Were one to crassly pitch Vice, one would shout "It's The Big Lebowski meets Fear and Loathing in Las Vegas!" and one would be largely accurate in terms of content.  Yet it lacks the charm, easy humor, and humane benignity of the formerwhy, the Nazis are Nazis in Vice.  As it veers more toward the latter's territory, then, it cannot commit to anything like Terry Gilliam and HST's bludgeoning slapstick, or their hallucinatory horror, or their critical nastiness.  As a document of the corrosion of the Love Generation, it's absolutely second-tier, and this is the case even with a drop-in from Benicio Del Toro himself... as an attorney, no less.  But he's not playing the Dr. Gonzo role; that is left to Josh Brolin in the film's most overtly comedic and hence best performance.  Good God, can that man eat a frozen banana.

Sadly, this is not a secret sequel to Gangster Squad, but Brolin's super-square cop/actor Bigfoot does remain a perfectly hateful foil to Doc's elevated Scooby Doo antics, and together they make an ecstatically good comic mystery-solving team.  That is probably why they're kept apart for almost all the movie: we must challenge the audience. (Or perhaps this is the fault of the source material; no matter.)

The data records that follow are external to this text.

(* Suppose $\hat q^{[k]}\in\Delta_\delta$ for all $k\ge1$. Then for every round $t\ge2$, all $s\in\mathcal S$, $a\in\mathcal A$, and every integer $l\ge0$, regardless of the history up to round $t-1$ (i.e. conditionally on any such history), $\Pr\big((s^t,a^t)\ne(s,a),\dots,(s^{t+l},a^{t+l})\ne(s,a)\big)\le(1-\alpha\delta)^{l+1}$.
   Context: $\mathcal S,\mathcal A$ finite; $P$ is a transition kernel with $P(s'|s,a)\ge\alpha>0$ for all $s,s',a$, and $s^{t+1}\sim P(\cdot|s^t,a^t)$. $\Delta$ is the set of $q\in\mathbb R_+^{\mathcal S\times\mathcal A\times\mathcal S}$ with $\sum_{s,a,s'}q(s,a,s')=1$ and $\sum_{s',a}q(s',a,s)=\sum_{a,s'}q(s,a,s')$ for all $s$; $\Delta_\delta=\{q\in\Delta:\sum_{s'}q(s,a,s')\ge\delta\ \forall s,a\}$ for $\delta\in(0,1)$; the policy induced by $q$ is $\pi^q(a|s)=\sum_{s'}q(s,a,s')/\sum_{a',s'}q(s,a',s')$. In algorithm IHMDP-VCG, time is divided into episodes $k=1,2,\dots$; in each round $t$ of episode $k$ the action is drawn as $a^t\sim\pi^{[k]}(\cdot|s^t)$ with $\pi^{[k]}=\pi^{\hat q^{[k]}}$, where $\hat q^{[k]}$ is determined by the history before episode $k$. *)

theory Defs
  imports "HOL-Probability.Probability"
begin

definition Delta :: "('s::finite \<Rightarrow> 'a::finite \<Rightarrow> 's \<Rightarrow> real) set" where
  "Delta = {q. (\<forall>s a s'. 0 \<le> q s a s') \<and>
               (\<Sum>s\<in>UNIV. \<Sum>a\<in>UNIV. \<Sum>s'\<in>UNIV. q s a s') = 1 \<and>
               (\<forall>s. (\<Sum>s'\<in>UNIV. \<Sum>a\<in>UNIV. q s' a s) = (\<Sum>a\<in>UNIV. \<Sum>s'\<in>UNIV. q s a s'))}"

definition Delta_delta :: "real \<Rightarrow> ('s::finite \<Rightarrow> 'a::finite \<Rightarrow> 's \<Rightarrow> real) set" where
  "Delta_delta \<delta> = {q \<in> Delta. \<forall>s a. (\<Sum>s'\<in>UNIV. q s a s') \<ge> \<delta>}"

definition pi_q :: "('s::finite \<Rightarrow> 'a::finite \<Rightarrow> 's \<Rightarrow> real) \<Rightarrow> 's \<Rightarrow> 'a \<Rightarrow> real" where
  "pi_q q s a = (\<Sum>s'\<in>UNIV. q s a s') / (\<Sum>a'\<in>UNIV. \<Sum>s'\<in>UNIV. q s a' s')"

definition policy_pmf :: "('s::finite \<Rightarrow> 'a::finite \<Rightarrow> 's \<Rightarrow> real) \<Rightarrow> 's \<Rightarrow> 'a pmf" where
  "policy_pmf q s = embed_pmf (pi_q q s)"

text \<open>Future trajectory: given the history h = [(s^1,a^1),...,(s^{t-1},a^{t-1})] (nonempty),
  generate the next n state-action pairs (s^t,a^t),...,(s^{t+n-1},a^{t+n-1}).
  The occupancy measure used for the action at a round is Q applied to the history
  strictly before that round (the algorithm's q-hat of the current episode is a
  function of the history before the episode, hence of this history).\<close>

primrec traj :: "('s::finite \<Rightarrow> 'a::finite \<Rightarrow> 's pmf) \<Rightarrow> (('s \<times> 'a) list \<Rightarrow> ('s \<Rightarrow> 'a \<Rightarrow> 's \<Rightarrow> real))
                 \<Rightarrow> ('s \<times> 'a) list \<Rightarrow> nat \<Rightarrow> ('s \<times> 'a) list pmf" where
  "traj P Q h 0 = return_pmf []"
| "traj P Q h (Suc n) =
     bind_pmf (P (fst (last h)) (snd (last h))) (\<lambda>s'.
     bind_pmf (policy_pmf (Q h) s') (\<lambda>a'.
     map_pmf (\<lambda>rest. (s', a') # rest) (traj P Q (h @ [(s', a')]) n)))"

end

theory Submission
  imports Defs
begin

text \<open>Whatever the history, the next state is s with probability at least \<alpha>, and the
  policy then plays a with probability at least \<delta>: for q \<in> Delta_delta \<delta> the row mass
  q(s) = \<Sum>a s'. q s a s' is at most the total mass 1, so \<pi>_q(a|s) = q(s,a)/q(s) \<ge> q(s,a) \<ge> \<delta>.
  Hence every round hits (s,a) with conditional probability at least \<alpha>\<delta>, and conditioning
  on the first round and inducting on the length gives the geometric bound.\<close>

lemma measure_pmf_prob_bind_finite:
  fixes M :: "'b::finite pmf"
  shows "measure_pmf.prob (bind_pmf M f) A = (\<Sum>x\<in>UNIV. pmf M x * measure_pmf.prob (f x) A)"
proof -
  have "emeasure (measure_pmf (bind_pmf M f)) A = (\<Sum>x\<in>UNIV. emeasure (measure_pmf (f x)) A * pmf M x)"
    by (simp, rule nn_integral_measure_pmf_support) auto
  also have "\<dots> = ennreal (\<Sum>x\<in>UNIV. pmf M x * measure_pmf.prob (f x) A)"
    by (subst sum_ennreal[symmetric])
      (auto simp: measure_pmf.emeasure_eq_measure ennreal_mult' mult.commute)
  finally show ?thesis
    by (simp add: measure_pmf.emeasure_eq_measure sum_nonneg)
qed

lemma sum_pmf_kernel_avoid:
  fixes M :: "'s::finite pmf" and K :: "'s \<Rightarrow> 'a::finite pmf"
  shows "(\<Sum>x\<in>UNIV. pmf M x * (\<Sum>y\<in>UNIV. pmf (K x) y * (if (x, y) = (s, a) then 0 else 1)))
           = 1 - pmf M s * pmf (K s) a"
proof -
  have "(\<Sum>y\<in>UNIV. pmf (K x) y * (if (x, y) = (s, a) then 0 else 1))
          = 1 - (if x = s then pmf (K s) a else 0)" for x
    by (simp add: if_distrib[of "(*) _"] sum.If_cases sum_pmf_eq_1 sum_diff1 Compl_eq_Diff_UNIV)
  then show ?thesis
    by (simp add: right_diff_distrib sum_subtractf sum_pmf_eq_1 if_distrib[of "(*) _"] sum.If_cases)
qed

lemma pmf_policy_pmf:
  fixes q :: "'s::finite \<Rightarrow> 'a::finite \<Rightarrow> 's \<Rightarrow> real"
  assumes nonneg: "\<And>s a s'. 0 \<le> q s a s'"
    and row_pos: "0 < (\<Sum>a'\<in>UNIV. \<Sum>s'\<in>UNIV. q s a' s')"
  shows "pmf (policy_pmf q s) a = pi_q q s a"
  unfolding policy_pmf_def
proof (rule pmf_embed_pmf)
  show "0 \<le> pi_q q s x" for x
    unfolding pi_q_def using row_pos by (auto intro!: divide_nonneg_pos sum_nonneg nonneg)
  moreover have "(\<Sum>x\<in>UNIV. pi_q q s x) = 1"
    unfolding pi_q_def using row_pos by (simp add: sum_divide_distrib[symmetric])
  ultimately show "(\<integral>\<^sup>+x. ennreal (pi_q q s x) \<partial>count_space UNIV) = 1"
    by (simp add: nn_integral_count_space_finite sum_ennreal)
qed

lemma Delta_delta_row_mass_bounds:
  fixes q :: "'s::finite \<Rightarrow> 'a::finite \<Rightarrow> 's \<Rightarrow> real"
  assumes q: "q \<in> Delta_delta \<delta>"
  shows "\<delta> \<le> (\<Sum>a'\<in>UNIV. \<Sum>s'\<in>UNIV. q s a' s')"
    and "(\<Sum>a'\<in>UNIV. \<Sum>s'\<in>UNIV. q s a' s') \<le> 1"
proof -
  have nonneg: "\<And>s a s'. 0 \<le> q s a s'"
    and total: "(\<Sum>s\<in>UNIV. \<Sum>a\<in>UNIV. \<Sum>s'\<in>UNIV. q s a s') = 1"
    and entry: "\<delta> \<le> (\<Sum>s'\<in>UNIV. q s a s')"
    using q by (auto simp: Delta_delta_def Delta_def)
  have "(\<Sum>s'\<in>UNIV. q s a s') \<le> (\<Sum>a'\<in>UNIV. \<Sum>s'\<in>UNIV. q s a' s')"
    by (rule member_le_sum) (auto intro: sum_nonneg nonneg)
  with entry show "\<delta> \<le> (\<Sum>a'\<in>UNIV. \<Sum>s'\<in>UNIV. q s a' s')"
    by linarith
  show "(\<Sum>a'\<in>UNIV. \<Sum>s'\<in>UNIV. q s a' s') \<le> 1"
    unfolding total[symmetric]
    by (rule member_le_sum[where f = "\<lambda>s. \<Sum>a\<in>UNIV. \<Sum>s'\<in>UNIV. q s a s'"])
      (auto intro!: sum_nonneg nonneg)
qed

lemma pi_q_ge_Delta_delta:
  assumes q: "q \<in> Delta_delta \<delta>" and "0 < \<delta>"
  shows "\<delta> \<le> pi_q q s a"
proof -
  define row where "row = (\<Sum>a'\<in>UNIV. \<Sum>s'\<in>UNIV. q s a' s')"
  have "0 < row" and "row \<le> 1"
    using Delta_delta_row_mass_bounds[OF q, of s] \<open>0 < \<delta>\<close> unfolding row_def by auto
  have "\<delta> * row \<le> \<delta>"
    using \<open>row \<le> 1\<close> \<open>0 < \<delta>\<close> by (simp add: mult_left_le)
  also have "\<dots> \<le> (\<Sum>s'\<in>UNIV. q s a s')"
    using q by (simp add: Delta_delta_def)
  finally show ?thesis
    unfolding pi_q_def row_def[symmetric] using \<open>0 < row\<close> by (simp add: pos_le_divide_eq)
qed

lemma pmf_policy_pmf_ge_Delta_delta:
  assumes q: "q \<in> Delta_delta \<delta>" and "0 < \<delta>"
  shows "\<delta> \<le> pmf (policy_pmf q s) a"
proof -
  have nonneg: "\<And>s a s'. 0 \<le> q s a s'"
    using q by (auto simp: Delta_delta_def Delta_def)
  have "0 < (\<Sum>a'\<in>UNIV. \<Sum>s'\<in>UNIV. q s a' s')"
    using Delta_delta_row_mass_bounds(1)[OF q, of s] \<open>0 < \<delta>\<close> by linarith
  then show ?thesis
    using pmf_policy_pmf[where q = q, OF nonneg] pi_q_ge_Delta_delta[OF assms] by simp
qed

lemma prob_traj_avoid_le:
  fixes P :: "'s::finite \<Rightarrow> 'a::finite \<Rightarrow> 's pmf"
    and Q :: "('s \<times> 'a) list \<Rightarrow> ('s \<Rightarrow> 'a \<Rightarrow> 's \<Rightarrow> real)"
  assumes hit: "\<And>h. p \<le> pmf (P (fst (last h)) (snd (last h))) s * pmf (policy_pmf (Q h) s) a"
  shows "measure_pmf.prob (traj P Q h n) {xs. \<forall>x\<in>set xs. x \<noteq> (s, a)} \<le> (1 - p) ^ n"
proof (induction n arbitrary: h)
  case 0
  then show ?case by simp
next
  case (Suc n)
  define A where "A = {xs. \<forall>x\<in>set xs. x \<noteq> (s, a)}"
  define M where "M = P (fst (last h)) (snd (last h))"
  define \<pi> where "\<pi> = policy_pmf (Q h)"
  define c where "c = (1 - p) ^ n"
  have "c \<ge> 0"
  proof -
    have "pmf M s * pmf (\<pi> s) a \<le> 1"
      by (simp add: mult_le_one pmf_le_1)
    then show ?thesis
      using hit[of h] unfolding c_def M_def \<pi>_def by simp
  qed
  have first_step: "measure_pmf.prob (map_pmf (Cons (s', a')) (traj P Q (h @ [(s', a')]) n)) A
      \<le> (if (s', a') = (s, a) then 0 else 1) * c" for s' a'
    using Suc.IH[of "h @ [(s', a')]"] by (auto simp: A_def c_def vimage_def)
  have "measure_pmf.prob (traj P Q h (Suc n)) A =
     (\<Sum>s'\<in>UNIV. pmf M s' * (\<Sum>a'\<in>UNIV. pmf (\<pi> s') a' *
        measure_pmf.prob (map_pmf (Cons (s', a')) (traj P Q (h @ [(s', a')]) n)) A))"
    by (simp add: measure_pmf_prob_bind_finite M_def \<pi>_def del: measure_map_pmf)
  also have "\<dots> \<le> (\<Sum>s'\<in>UNIV. pmf M s' * (\<Sum>a'\<in>UNIV. pmf (\<pi> s') a' *
        ((if (s', a') = (s, a) then 0 else 1) * c)))"
    by (intro sum_mono mult_left_mono first_step pmf_nonneg sum_nonneg)
  also have "\<dots> = (\<Sum>s'\<in>UNIV. pmf M s' * (\<Sum>a'\<in>UNIV. pmf (\<pi> s') a' *
        (if (s', a') = (s, a) then 0 else 1))) * c"
    by (simp add: sum_distrib_left sum_distrib_right mult.assoc)
  also have "\<dots> = (1 - pmf M s * pmf (\<pi> s) a) * c"
    by (simp only: sum_pmf_kernel_avoid)
  also have "\<dots> \<le> (1 - p) * c"
    using hit[of h] \<open>c \<ge> 0\<close> unfolding M_def \<pi>_def by (intro mult_right_mono) auto
  finally show ?case
    unfolding A_def c_def by simp
qed

theorem lemma7:
  fixes P :: "'s::finite \<Rightarrow> 'a::finite \<Rightarrow> 's pmf"
    and Q :: "('s \<times> 'a) list \<Rightarrow> ('s \<Rightarrow> 'a \<Rightarrow> 's \<Rightarrow> real)"
    and \<alpha> \<delta> :: real and h :: "('s \<times> 'a) list"
    and s :: 's and a :: 'a and l :: nat
  assumes "\<alpha> > 0"
    and "\<forall>x b y. pmf (P x b) y \<ge> \<alpha>"
    and "0 < \<delta>" and "\<delta> < 1"
    and "\<forall>g. Q g \<in> Delta_delta \<delta>"
    and "h \<noteq> []"
  shows "measure_pmf.prob (traj P Q h (Suc l)) {xs. \<forall>x\<in>set xs. x \<noteq> (s, a)}
           \<le> (1 - \<alpha> * \<delta>) ^ (Suc l)"
proof (rule prob_traj_avoid_le)
  fix g :: "('s \<times> 'a) list"
  have "\<alpha> \<le> pmf (P (fst (last g)) (snd (last g))) s"
    using assms(2) by blast
  moreover have "\<delta> \<le> pmf (policy_pmf (Q g) s) a"
    using assms(3,5) by (blast intro: pmf_policy_pmf_ge_Delta_delta)
  ultimately show "\<alpha> * \<delta> \<le> pmf (P (fst (last g)) (snd (last g))) s * pmf (policy_pmf (Q g) s) a"
    using \<open>0 < \<delta>\<close> by (intro mult_mono) auto
qed

end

It's a disappointment, of courselike every PTA movie since Love.  But like every PTA movie since Blood, Vice is heralded strongly.  It's one of the best films of [insert year]!  It's a wholly unique [insert genre] experience!  It's neither.  It's fine; and that's fine.  I welcome Anderson back to the fold of directors I don't outrightly fear.  I wish him even better planetary alignments in his future.

Score:  5/10

4 comments:

  1. OK forget Inherent Vice for a second (as interestingly well-received as it is). Is that a Dirk Gently reference in your title? My already considerable esteem for you has risen tenfold.

    ReplyDelete
    Replies
    1. You know it, my friend! Sadly Vice is not half so endearingly wacky.

      Delete
  2. Hello I am so delighted I found your blog, I really found you by mistake, while I was looking on Yahoo for something else, anyways I am here now and would just like to say thanks for a tremendous post. Please do keep up the great work.